Edit: we might even make it impossible for it to game us in the following way. All records of the simulated world are automatically deleted upon completion -- except for a specific prime factorization we want to know.

This is a really bad argument for safety.

You are right, of course. But you wrote that in response to what was a parenthetical remark on my part -- the real solution is to use program checking to make sure the laws of physics of the simulated world are never violated.

Comment author: Manfred 12 January 2016 01:42:17AM 1 point [-]

Even if the huge computing or algorithmic advances needed fell out of the sky tomorrow, this scheme still doesn't seem like it solves the problems we really want it to solve, because it does not allow the the agents to learn anything interesting about our world.

Comment author: ZoltanBerrigomo 12 January 2016 05:59:07AM *  0 points [-]
  1. When talking about dealing and (non)interacting with real AIs, one is always talking about a future world with significant technological advances relative to our world today.

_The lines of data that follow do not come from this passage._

lemma Bstar_code:
  assumes "finite A" "A \<noteq> {}"
  obtains E R D
  where "valid_index_code A 3 12 Wstar Kstar 1 7 E R D" "\<forall>i\<in>{1..3}. card (R i) = 4"
proof -
  obtain add sub :: "'a \<Rightarrow> 'a \<Rightarrow> 'a"
    where add_in: "\<And>a b. a \<in> A \<Longrightarrow> b \<in> A \<Longrightarrow> add a b \<in> A"
      and add_commute: "\<And>a b. add a b = add b a"
      and sub_add: "\<And>a b. a \<in> A \<Longrightarrow> b \<in> A \<Longrightarrow> sub (add a b) b = a"
    using finite_set_cancellative_addition[OF assms] by blast
  define E where "E x = Bstar_codeword add (\<lambda>j. hd (x j))" for x :: "nat \<Rightarrow> 'a list"
  define D :: "nat \<Rightarrow> 'a list \<Rightarrow> (nat \<Rightarrow> 'a list) \<Rightarrow> nat \<Rightarrow> 'a list"
    where "D i c k j = [Bstar_decoder add sub c (\<lambda>j. hd (k j)) j]" for i c k j
  have "valid_index_code A 3 12 Wstar Kstar 1 7 E Bstar_positions D"
    unfolding valid_index_code_def
  proof (intro conjI ballI)
    fix x assume "x \<in> msgs A 12 1"
    then have "hd (x j) \<in> A" if "j \<in> {1..12}" for j
      using that by (rule msgs_1D)
    then show "length (E x) = 7" "set (E x) \<subseteq> A"
      unfolding E_def Bstar_codeword_def by (simp_all add: add_in)
  next
    show "Bstar_positions i \<subseteq> {0..<7}" for i unfolding Bstar_positions_def by auto
  next
    fix i x j assume i: "i \<in> {1..3}" and x: "x \<in> msgs A 12 1" and j: "j \<in> Wstar i"
    have "j \<in> {1..12}" using Wstar_Kstar(2)[OF i] j by blast
    moreover have "Bstar_decoder add sub (nths (E x) (Bstar_positions i))
        (\<lambda>k. hd (restrict_msgs x (Kstar i) k)) j = hd (x j)"
      unfolding E_def restrict_msgs_def if_distrib[of hd]
      using add_in add_commute sub_add msgs_1D(2)[OF x] i j by (rule Bstar_decoder_correct)
    ultimately show "D i (nths (E x) (Bstar_positions i)) (restrict_msgs x (Kstar i)) j = x j"
      unfolding D_def using msgs_1D(1)[OF x] by simp
  qed
  moreover have "\<forall>i\<in>{1..3}. card (Bstar_positions i) = 4" unfolding Bstar_positions_def by simp
  ultimately show ?thesis using that by blast
qed

lemma beta_star_Bstar:
  assumes "finite A" "2 \<le> card A"
  shows "beta_star A 3 12 Wstar Kstar 1 = 7"
proof -
  have "A \<noteq> {}" using assms(2) by auto
  with assms(1) obtain E R D where code: "valid_index_code A 3 12 Wstar Kstar 1 7 E R D"
    and card_R: "\<forall>i\<in>{1..3}. card (R i) = 4"
    by (rule Bstar_code)
  have locality: "\<forall>i\<in>{1..3}. locality_at 1 Wstar R i \<le> 1"
    using card_R locality_at_le_1_iff[of 1 Wstar] Wstar_Kstar(1) by simp
  show ?thesis
  proof (rule beta_star_eqI[OF _ code locality])
    show "7 * real m \<le> real l"
      if "m \<ge> 1" "valid_index_code A 3 12 Wstar Kstar m l E R D"
        "\<forall>i\<in>{1..3}. locality_at m Wstar R i \<le> 1" for m l E R D
      using Bstar_length_lower_bound[OF assms that] by linarith
  qed simp_all
qed

section \<open>Clique covers\<close>

definition clique_cover_weight_sums :: "'v set \<Rightarrow> ('v \<Rightarrow> 'v \<Rightarrow> bool) \<Rightarrow> real set" where
  "clique_cover_weight_sums V Adj = {(\<Sum>C\<in>{C. is_clique V Adj C}. w C) | w.
      (\<forall>C. w C \<ge> 0) \<and> (\<forall>v\<in>V. (\<Sum>C\<in>{C. is_clique V Adj C \<and> v \<in> C}. w C) \<ge> 1)}"

lemma frac_clique_cover_number_eq_Inf:
  "frac_clique_cover_number V Adj = Inf (clique_cover_weight_sums V Adj)"
  unfolding frac_clique_cover_number_def clique_cover_weight_sums_def ..

lemma bdd_below_clique_cover_weight_sums: "bdd_below (clique_cover_weight_sums V Adj)"
  unfolding clique_cover_weight_sums_def by (rule bdd_belowI[of _ 0]) (auto intro!: sum_nonneg)

lemma finite_cliques: "finite V \<Longrightarrow> finite {C. is_clique V Adj C}"
  unfolding is_clique_def by (rule finite_subset[of _ "Pow V"]) auto

lemma card_clique_cover_in_weight_sums:
  assumes "finite V" "finite \<C>" "\<forall>C\<in>\<C>. is_clique V Adj C" "\<Union>\<C> = V"
  shows "real (card \<C>) \<in> clique_cover_weight_sums V Adj"
proof -
  define w where "w C = (if C \<in> \<C> then 1 else 0 :: real)" for C
  have covers: "1 \<le> (\<Sum>C\<in>{C. is_clique V Adj C \<and> v \<in> C}. w C)" if "v \<in> V" for v
  proof -
    obtain C where C: "C \<in> \<C>" "v \<in> C" using \<open>v \<in> V\<close> assms(4) by blast
    have "w C \<le> (\<Sum>C\<in>{C. is_clique V Adj C \<and> v \<in> C}. w C)"
      using C assms(3) finite_cliques[OF assms(1)]
      by (intro member_le_sum) (auto simp: w_def intro: finite_subset[rotated])
    then show ?thesis using C by (simp add: w_def)
  qed
  have "{C. is_clique V Adj C} \<inter> \<C> = \<C>" using assms(3) by blast
  then have "(\<Sum>C\<in>{C. is_clique V Adj C}. w C) = card \<C>"
    using finite_cliques[OF assms(1)] by (simp add: w_def sum.If_cases)
  with covers show ?thesis
    unfolding clique_cover_weight_sums_def by (auto simp: w_def intro!: exI[of _ w])
qed

lemma singleton_clique_cover:
  "finite V \<Longrightarrow> finite ((\<lambda>v. {v}) ` V) \<and> (\<forall>C\<in>(\<lambda>v. {v}) ` V. is_clique V Adj C)
     \<and> \<Union>((\<lambda>v. {v}) ` V) = V"
  unfolding is_clique_def by blast

lemma frac_clique_cover_number_le_clique_cover_number:
  assumes "finite V"
  shows "frac_clique_cover_number V Adj \<le> clique_cover_number V Adj"
proof -
  have "\<exists>\<C>. finite \<C> \<and> card \<C> = clique_cover_number V Adj \<and>
          (\<forall>C\<in>\<C>. is_clique V Adj C) \<and> \<Union>\<C> = V"
    unfolding clique_cover_number_def
    by (rule LeastI_ex) (use singleton_clique_cover[OF assms] in blast)
  then obtain \<C> where cover: "finite \<C>" "\<forall>C\<in>\<C>. is_clique V Adj C" "\<Union>\<C> = V"
    and card: "card \<C> = clique_cover_number V Adj"
    by blast
  have "real (clique_cover_number V Adj) \<in> clique_cover_weight_sums V Adj"
    using card_clique_cover_in_weight_sums[OF assms cover] unfolding card .
  then show ?thesis
    unfolding frac_clique_cover_number_eq_Inf
    using bdd_below_clique_cover_weight_sums by (rule cInf_lower)
qed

  2. If we can formulate something as a question about math, physics, chemistry, biology, then we can potentially attack it with this scheme. These are definitely problems we really want to solve.

  3. Its true that if we allow AIs more knowledge and more access to our world, they could potentially help us more -- but of course the number of things that can go wrong has to increase as well. Perhaps a compromise which sacrifices some of the potential while decreasing the possibilities that can go wrong is better.

What can go wrong with the following protocol for AI containment?

0 ZoltanBerrigomo 11 January 2016 11:03PM

1. Keep the AI in a box and don't interact with it. 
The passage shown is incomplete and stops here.